Extracted data:
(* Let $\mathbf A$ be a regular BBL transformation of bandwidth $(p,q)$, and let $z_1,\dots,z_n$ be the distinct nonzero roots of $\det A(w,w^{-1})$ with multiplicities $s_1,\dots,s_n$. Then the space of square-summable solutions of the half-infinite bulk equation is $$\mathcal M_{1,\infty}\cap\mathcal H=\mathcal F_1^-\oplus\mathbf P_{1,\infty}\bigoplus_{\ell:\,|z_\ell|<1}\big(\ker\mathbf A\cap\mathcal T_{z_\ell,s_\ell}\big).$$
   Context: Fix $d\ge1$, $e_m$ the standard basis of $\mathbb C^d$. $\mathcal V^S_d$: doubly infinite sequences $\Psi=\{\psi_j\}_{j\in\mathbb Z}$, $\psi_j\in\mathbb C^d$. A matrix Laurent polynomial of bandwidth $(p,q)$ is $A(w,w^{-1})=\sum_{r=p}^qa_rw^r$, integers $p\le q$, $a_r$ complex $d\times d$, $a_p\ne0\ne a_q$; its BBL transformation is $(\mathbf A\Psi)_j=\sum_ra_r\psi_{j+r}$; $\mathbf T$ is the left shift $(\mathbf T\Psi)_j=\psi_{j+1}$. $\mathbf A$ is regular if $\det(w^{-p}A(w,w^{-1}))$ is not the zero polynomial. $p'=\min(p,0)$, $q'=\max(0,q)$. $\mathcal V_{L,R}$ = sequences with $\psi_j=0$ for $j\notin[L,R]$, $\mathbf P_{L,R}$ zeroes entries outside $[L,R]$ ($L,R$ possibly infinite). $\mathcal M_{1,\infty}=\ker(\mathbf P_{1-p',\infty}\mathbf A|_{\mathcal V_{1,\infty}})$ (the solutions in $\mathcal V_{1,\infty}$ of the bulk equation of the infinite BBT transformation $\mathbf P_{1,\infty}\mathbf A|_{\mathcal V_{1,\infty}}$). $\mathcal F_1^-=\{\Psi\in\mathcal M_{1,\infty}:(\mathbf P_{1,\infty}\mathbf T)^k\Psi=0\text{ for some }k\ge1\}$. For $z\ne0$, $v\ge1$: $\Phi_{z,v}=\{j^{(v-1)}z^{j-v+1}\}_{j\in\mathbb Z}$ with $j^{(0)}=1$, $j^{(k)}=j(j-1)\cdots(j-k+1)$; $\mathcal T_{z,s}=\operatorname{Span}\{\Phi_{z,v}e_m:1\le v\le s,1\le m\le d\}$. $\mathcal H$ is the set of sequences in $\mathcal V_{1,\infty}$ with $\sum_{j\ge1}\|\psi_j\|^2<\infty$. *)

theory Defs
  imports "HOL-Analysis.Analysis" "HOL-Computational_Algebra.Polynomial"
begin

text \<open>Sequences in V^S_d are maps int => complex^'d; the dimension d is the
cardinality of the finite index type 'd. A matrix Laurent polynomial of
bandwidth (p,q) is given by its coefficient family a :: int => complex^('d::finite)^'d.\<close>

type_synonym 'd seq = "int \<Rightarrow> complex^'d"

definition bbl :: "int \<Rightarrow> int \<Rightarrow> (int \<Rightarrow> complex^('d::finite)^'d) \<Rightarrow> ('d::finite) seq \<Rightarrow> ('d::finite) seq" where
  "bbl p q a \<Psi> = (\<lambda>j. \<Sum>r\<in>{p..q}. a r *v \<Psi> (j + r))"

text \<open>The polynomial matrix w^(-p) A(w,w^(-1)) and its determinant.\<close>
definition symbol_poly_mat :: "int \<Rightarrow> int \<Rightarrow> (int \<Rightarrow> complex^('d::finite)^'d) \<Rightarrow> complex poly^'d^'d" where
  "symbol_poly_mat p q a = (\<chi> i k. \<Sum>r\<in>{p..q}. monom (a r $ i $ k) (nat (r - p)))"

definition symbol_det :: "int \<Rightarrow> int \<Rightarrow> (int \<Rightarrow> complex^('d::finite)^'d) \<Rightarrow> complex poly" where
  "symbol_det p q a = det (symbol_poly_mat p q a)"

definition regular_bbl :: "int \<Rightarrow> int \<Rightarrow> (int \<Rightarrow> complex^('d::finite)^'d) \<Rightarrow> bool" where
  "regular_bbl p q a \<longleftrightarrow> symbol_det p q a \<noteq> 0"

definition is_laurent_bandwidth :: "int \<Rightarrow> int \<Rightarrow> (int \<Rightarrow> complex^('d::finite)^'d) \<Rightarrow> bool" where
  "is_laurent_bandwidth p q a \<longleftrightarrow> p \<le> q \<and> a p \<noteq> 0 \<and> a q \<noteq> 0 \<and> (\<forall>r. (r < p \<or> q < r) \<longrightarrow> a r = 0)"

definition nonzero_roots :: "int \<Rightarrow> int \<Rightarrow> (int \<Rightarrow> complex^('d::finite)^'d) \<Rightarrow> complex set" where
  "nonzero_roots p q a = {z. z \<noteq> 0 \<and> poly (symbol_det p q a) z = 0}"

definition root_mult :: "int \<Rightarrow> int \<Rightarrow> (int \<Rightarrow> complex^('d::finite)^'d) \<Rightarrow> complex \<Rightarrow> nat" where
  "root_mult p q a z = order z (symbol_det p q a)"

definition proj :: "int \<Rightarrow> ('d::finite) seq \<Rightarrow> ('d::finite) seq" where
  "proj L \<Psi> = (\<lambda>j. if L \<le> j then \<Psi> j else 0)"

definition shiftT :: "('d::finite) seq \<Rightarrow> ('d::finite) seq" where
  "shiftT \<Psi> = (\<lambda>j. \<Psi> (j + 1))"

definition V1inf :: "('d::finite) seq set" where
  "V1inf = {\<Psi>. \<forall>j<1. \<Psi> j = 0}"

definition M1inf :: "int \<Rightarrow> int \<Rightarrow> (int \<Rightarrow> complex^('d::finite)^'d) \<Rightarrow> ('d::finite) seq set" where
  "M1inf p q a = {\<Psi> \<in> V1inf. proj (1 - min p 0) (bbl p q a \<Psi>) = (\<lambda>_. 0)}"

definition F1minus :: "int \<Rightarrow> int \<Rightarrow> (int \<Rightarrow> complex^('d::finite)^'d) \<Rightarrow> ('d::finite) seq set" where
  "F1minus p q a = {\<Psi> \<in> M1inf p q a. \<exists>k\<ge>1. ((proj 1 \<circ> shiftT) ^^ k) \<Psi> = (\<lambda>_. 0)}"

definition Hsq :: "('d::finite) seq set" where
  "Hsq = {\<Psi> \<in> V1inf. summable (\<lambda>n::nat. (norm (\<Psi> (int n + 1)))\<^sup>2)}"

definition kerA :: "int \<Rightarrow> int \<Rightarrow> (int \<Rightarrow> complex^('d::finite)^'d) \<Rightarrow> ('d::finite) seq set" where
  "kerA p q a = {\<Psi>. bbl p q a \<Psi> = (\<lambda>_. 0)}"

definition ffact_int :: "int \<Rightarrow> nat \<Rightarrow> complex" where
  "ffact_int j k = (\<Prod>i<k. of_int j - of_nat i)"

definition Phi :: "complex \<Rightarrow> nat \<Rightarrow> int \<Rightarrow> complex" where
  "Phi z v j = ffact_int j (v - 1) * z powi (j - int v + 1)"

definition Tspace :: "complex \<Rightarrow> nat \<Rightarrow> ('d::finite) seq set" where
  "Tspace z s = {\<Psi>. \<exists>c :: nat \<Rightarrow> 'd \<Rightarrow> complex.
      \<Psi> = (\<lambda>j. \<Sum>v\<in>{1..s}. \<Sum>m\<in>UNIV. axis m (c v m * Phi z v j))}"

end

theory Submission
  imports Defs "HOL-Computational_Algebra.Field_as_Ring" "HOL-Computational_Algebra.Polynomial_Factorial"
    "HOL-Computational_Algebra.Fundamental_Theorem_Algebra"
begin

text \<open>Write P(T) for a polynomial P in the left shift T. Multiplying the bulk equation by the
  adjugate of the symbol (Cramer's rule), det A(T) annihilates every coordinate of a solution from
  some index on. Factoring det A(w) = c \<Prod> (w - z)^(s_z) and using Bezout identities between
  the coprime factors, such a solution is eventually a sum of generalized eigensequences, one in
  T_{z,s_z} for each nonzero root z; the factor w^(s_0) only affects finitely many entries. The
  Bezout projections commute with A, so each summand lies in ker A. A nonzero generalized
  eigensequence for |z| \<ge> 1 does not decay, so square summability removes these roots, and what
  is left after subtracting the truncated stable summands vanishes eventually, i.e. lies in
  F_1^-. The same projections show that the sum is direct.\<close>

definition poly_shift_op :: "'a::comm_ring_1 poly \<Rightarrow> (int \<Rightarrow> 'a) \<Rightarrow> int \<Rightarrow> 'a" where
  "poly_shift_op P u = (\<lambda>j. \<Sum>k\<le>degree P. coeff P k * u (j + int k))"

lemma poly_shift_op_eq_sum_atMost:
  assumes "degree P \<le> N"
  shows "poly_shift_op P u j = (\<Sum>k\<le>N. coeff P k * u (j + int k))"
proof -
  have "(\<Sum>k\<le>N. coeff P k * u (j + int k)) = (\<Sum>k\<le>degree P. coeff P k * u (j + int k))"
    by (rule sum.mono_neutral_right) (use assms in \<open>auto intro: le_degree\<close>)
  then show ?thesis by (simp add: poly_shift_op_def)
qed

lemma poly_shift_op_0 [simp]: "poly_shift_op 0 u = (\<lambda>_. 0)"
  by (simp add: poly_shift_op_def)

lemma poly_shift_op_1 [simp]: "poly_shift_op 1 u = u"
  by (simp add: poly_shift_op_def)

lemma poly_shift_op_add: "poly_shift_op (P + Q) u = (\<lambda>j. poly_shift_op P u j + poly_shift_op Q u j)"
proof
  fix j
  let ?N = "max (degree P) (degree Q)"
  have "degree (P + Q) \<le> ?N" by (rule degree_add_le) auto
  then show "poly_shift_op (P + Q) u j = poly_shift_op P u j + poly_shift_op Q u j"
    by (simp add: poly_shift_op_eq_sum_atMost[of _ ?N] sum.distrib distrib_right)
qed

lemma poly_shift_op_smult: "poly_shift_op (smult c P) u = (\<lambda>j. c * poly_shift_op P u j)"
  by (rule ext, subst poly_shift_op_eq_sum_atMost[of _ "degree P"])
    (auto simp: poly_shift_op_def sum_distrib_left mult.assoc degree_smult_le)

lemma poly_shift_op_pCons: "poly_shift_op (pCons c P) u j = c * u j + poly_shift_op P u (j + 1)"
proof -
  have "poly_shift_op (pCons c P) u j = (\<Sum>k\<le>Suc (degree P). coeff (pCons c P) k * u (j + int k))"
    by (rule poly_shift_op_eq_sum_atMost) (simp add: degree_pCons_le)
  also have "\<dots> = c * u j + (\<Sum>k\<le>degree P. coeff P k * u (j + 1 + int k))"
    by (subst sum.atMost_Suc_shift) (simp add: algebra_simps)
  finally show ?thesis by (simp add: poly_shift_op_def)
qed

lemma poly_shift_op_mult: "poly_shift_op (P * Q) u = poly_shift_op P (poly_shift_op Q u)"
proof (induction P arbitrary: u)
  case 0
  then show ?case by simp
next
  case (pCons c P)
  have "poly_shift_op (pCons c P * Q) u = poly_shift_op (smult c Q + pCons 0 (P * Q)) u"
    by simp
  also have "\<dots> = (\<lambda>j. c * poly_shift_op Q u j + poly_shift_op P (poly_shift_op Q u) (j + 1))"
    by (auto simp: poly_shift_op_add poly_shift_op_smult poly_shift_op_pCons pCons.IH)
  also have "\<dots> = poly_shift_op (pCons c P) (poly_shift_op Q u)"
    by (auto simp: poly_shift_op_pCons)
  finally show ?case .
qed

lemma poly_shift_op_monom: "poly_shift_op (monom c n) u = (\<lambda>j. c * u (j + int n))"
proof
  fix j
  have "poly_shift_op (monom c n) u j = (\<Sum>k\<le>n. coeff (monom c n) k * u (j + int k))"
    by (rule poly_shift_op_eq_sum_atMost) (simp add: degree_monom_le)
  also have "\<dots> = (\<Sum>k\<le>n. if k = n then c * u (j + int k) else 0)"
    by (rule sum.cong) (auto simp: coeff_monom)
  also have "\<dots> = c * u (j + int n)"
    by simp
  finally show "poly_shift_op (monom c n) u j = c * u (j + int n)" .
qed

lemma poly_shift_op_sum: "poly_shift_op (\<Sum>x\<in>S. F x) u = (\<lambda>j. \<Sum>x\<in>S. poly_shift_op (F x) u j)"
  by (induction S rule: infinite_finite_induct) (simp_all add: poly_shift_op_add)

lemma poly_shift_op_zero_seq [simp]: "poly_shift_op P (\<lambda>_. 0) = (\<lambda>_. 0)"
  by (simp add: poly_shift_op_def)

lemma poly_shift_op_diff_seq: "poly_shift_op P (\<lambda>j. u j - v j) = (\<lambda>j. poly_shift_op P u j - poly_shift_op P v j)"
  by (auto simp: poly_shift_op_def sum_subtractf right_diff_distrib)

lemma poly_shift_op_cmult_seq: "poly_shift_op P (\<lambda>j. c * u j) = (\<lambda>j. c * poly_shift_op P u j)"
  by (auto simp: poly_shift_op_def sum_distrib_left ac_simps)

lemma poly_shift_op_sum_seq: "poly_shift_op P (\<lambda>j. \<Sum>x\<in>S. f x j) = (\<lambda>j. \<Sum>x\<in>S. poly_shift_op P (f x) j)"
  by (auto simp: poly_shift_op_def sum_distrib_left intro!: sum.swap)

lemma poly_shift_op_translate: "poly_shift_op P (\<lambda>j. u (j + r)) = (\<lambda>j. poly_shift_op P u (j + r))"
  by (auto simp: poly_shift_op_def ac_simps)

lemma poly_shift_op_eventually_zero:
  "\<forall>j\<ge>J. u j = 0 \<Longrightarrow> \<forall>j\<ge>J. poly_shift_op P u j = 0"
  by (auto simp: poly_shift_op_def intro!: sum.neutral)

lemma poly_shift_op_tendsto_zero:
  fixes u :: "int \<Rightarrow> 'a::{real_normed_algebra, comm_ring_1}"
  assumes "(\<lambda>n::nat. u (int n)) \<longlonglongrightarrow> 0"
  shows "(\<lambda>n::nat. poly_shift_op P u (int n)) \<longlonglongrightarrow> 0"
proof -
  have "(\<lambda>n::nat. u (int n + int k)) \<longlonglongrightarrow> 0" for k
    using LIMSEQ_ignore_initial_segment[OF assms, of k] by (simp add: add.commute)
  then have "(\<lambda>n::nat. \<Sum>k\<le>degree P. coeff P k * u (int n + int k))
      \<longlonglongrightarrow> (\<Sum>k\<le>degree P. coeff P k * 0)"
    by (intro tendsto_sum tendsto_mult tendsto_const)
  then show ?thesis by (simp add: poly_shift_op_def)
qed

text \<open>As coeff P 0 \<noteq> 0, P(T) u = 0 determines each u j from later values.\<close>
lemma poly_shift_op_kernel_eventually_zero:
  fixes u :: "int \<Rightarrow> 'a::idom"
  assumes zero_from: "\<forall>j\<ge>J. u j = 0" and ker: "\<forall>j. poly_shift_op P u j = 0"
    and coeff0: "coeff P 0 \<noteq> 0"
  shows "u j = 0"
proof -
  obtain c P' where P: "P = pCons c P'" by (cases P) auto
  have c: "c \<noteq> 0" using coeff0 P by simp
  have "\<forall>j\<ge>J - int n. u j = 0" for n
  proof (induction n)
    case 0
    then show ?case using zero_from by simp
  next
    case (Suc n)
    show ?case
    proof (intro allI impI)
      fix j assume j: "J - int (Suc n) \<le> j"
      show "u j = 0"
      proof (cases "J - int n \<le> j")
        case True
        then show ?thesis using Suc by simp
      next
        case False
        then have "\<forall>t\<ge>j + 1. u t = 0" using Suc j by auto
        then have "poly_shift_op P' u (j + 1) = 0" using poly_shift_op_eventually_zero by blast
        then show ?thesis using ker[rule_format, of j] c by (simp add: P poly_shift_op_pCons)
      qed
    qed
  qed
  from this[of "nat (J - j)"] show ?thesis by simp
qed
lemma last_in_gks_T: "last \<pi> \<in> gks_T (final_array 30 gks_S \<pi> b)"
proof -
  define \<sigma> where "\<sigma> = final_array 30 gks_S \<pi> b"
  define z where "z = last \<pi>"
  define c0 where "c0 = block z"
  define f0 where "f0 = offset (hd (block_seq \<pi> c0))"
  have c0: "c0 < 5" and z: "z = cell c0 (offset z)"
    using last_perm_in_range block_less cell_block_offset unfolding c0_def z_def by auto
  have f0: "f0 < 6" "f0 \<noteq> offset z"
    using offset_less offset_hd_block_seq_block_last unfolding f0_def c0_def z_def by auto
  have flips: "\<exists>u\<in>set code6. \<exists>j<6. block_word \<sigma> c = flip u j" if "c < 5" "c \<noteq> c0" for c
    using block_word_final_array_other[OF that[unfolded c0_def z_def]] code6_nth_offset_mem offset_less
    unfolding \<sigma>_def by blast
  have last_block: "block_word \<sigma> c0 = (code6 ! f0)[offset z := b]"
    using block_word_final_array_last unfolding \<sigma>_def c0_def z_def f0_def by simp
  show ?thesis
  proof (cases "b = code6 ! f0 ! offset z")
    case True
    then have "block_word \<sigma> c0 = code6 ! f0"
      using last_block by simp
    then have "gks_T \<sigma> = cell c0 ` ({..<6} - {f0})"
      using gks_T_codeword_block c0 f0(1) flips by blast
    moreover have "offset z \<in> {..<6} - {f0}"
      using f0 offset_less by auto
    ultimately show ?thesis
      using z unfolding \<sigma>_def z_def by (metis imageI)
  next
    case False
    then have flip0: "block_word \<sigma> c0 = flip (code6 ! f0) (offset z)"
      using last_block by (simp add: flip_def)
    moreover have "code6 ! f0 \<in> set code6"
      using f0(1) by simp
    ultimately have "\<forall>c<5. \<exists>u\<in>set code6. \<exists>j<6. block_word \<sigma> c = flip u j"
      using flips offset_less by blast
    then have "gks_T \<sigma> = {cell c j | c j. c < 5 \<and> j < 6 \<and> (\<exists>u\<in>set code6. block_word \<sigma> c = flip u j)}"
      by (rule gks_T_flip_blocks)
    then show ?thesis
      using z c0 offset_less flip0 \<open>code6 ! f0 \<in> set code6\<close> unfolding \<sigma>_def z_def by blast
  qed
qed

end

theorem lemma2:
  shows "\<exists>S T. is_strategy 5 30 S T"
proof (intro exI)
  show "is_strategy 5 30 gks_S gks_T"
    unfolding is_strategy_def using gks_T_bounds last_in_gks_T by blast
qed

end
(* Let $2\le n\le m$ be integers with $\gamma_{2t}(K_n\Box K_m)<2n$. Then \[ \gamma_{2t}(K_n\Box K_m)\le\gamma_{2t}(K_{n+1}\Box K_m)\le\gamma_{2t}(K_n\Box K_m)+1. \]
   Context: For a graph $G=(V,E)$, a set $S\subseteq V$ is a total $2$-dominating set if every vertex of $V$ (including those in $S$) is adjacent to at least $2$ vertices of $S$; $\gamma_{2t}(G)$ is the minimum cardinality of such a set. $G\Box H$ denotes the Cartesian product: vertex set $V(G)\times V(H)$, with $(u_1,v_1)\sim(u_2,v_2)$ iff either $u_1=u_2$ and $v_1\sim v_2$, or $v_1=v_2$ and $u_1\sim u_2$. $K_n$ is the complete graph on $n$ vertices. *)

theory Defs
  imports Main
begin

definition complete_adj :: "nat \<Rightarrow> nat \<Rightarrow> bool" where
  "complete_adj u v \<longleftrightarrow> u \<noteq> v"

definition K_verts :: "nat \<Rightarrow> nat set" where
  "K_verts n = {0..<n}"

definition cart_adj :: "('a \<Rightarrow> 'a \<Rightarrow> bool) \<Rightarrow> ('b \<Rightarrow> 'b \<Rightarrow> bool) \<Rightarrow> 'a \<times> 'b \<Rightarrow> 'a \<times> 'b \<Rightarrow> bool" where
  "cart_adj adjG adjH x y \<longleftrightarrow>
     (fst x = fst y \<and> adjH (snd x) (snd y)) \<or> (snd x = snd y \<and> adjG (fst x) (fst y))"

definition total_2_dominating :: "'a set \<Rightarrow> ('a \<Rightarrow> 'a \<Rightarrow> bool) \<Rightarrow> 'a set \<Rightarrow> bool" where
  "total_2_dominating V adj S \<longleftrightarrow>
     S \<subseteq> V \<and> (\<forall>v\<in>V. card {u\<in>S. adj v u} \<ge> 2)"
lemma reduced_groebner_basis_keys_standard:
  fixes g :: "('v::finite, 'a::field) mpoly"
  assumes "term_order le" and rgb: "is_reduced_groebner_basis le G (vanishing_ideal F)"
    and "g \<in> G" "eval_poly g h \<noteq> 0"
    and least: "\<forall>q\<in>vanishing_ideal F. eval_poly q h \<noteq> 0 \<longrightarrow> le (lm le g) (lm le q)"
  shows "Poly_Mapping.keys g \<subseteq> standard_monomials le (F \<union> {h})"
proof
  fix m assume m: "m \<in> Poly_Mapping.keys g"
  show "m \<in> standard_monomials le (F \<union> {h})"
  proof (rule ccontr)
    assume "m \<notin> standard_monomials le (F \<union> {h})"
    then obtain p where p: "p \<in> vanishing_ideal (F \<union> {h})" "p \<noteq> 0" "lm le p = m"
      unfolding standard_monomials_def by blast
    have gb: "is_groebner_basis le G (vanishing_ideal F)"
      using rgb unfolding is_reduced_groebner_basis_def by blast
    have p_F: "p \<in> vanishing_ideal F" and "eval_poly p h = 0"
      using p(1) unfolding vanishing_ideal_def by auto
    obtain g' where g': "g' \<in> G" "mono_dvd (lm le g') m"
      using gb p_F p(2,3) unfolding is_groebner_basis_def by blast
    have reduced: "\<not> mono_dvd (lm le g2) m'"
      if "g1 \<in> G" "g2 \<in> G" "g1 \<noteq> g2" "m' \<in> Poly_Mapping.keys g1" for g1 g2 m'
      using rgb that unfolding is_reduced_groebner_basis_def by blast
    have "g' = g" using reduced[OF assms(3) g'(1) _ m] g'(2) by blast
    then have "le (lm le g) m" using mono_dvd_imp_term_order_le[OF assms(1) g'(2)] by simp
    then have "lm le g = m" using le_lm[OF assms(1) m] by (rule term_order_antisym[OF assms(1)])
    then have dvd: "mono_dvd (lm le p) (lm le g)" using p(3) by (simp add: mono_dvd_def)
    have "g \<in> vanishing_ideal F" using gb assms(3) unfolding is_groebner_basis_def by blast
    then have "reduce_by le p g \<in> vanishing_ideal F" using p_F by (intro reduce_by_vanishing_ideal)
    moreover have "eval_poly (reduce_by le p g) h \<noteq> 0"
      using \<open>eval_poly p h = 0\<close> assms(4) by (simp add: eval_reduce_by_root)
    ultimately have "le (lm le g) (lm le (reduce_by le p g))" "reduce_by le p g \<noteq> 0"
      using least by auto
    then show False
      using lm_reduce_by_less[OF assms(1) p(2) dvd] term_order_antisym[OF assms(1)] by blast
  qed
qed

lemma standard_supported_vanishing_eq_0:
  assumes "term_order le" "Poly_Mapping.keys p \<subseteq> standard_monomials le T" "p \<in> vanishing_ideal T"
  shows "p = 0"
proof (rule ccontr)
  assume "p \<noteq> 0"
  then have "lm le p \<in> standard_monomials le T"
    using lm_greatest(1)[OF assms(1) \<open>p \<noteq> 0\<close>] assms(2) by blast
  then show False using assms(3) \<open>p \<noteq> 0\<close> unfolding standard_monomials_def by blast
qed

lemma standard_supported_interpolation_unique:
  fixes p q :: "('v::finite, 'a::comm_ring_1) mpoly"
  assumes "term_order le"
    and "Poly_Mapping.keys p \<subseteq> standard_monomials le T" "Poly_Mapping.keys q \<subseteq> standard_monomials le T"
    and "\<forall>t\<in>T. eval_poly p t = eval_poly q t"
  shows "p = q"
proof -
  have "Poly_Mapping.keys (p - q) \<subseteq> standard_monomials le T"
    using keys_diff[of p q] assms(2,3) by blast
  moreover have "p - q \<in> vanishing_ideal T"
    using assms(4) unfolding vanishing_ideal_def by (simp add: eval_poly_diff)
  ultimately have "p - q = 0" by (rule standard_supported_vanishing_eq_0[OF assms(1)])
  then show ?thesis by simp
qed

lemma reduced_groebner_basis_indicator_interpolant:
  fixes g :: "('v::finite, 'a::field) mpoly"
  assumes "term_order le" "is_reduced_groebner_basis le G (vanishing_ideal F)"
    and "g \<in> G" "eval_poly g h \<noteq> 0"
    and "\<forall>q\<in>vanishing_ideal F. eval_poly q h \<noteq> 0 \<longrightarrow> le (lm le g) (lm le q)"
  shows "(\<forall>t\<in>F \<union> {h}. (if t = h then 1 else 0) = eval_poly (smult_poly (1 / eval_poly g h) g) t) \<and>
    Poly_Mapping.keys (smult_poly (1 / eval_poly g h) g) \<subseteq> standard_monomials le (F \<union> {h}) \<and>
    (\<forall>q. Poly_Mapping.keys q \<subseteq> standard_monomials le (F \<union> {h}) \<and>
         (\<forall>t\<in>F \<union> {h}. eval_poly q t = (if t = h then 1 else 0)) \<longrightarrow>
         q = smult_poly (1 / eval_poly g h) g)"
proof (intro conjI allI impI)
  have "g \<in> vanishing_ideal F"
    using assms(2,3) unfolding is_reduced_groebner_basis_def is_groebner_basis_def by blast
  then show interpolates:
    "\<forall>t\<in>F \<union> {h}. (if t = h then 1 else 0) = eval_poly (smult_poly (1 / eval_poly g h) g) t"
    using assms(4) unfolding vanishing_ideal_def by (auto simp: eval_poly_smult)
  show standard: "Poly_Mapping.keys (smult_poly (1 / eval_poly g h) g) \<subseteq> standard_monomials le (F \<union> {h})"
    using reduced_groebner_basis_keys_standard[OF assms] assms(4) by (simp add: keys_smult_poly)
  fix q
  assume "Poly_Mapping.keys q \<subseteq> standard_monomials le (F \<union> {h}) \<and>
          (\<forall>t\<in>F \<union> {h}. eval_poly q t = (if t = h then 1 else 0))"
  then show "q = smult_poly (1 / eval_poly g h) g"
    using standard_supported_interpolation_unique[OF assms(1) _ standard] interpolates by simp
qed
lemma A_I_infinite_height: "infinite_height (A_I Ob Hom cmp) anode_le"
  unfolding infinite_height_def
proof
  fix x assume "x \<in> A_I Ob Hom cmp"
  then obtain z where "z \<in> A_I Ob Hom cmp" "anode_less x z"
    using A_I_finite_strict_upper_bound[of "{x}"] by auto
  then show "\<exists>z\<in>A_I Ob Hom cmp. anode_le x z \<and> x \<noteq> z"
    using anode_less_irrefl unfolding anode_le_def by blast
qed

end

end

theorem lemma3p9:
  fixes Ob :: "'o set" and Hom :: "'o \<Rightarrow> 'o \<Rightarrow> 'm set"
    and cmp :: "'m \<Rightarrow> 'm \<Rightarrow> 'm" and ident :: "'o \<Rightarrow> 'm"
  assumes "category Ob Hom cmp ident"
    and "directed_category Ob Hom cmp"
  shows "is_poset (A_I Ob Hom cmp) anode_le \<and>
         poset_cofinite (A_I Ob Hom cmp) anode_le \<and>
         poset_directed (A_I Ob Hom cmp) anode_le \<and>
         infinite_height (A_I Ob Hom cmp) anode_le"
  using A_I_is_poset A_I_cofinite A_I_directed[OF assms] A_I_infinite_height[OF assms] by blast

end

Exercise description: Looking at the records above, count the lines where the word "shiftT" appears. State only the number.

Response to the task: 3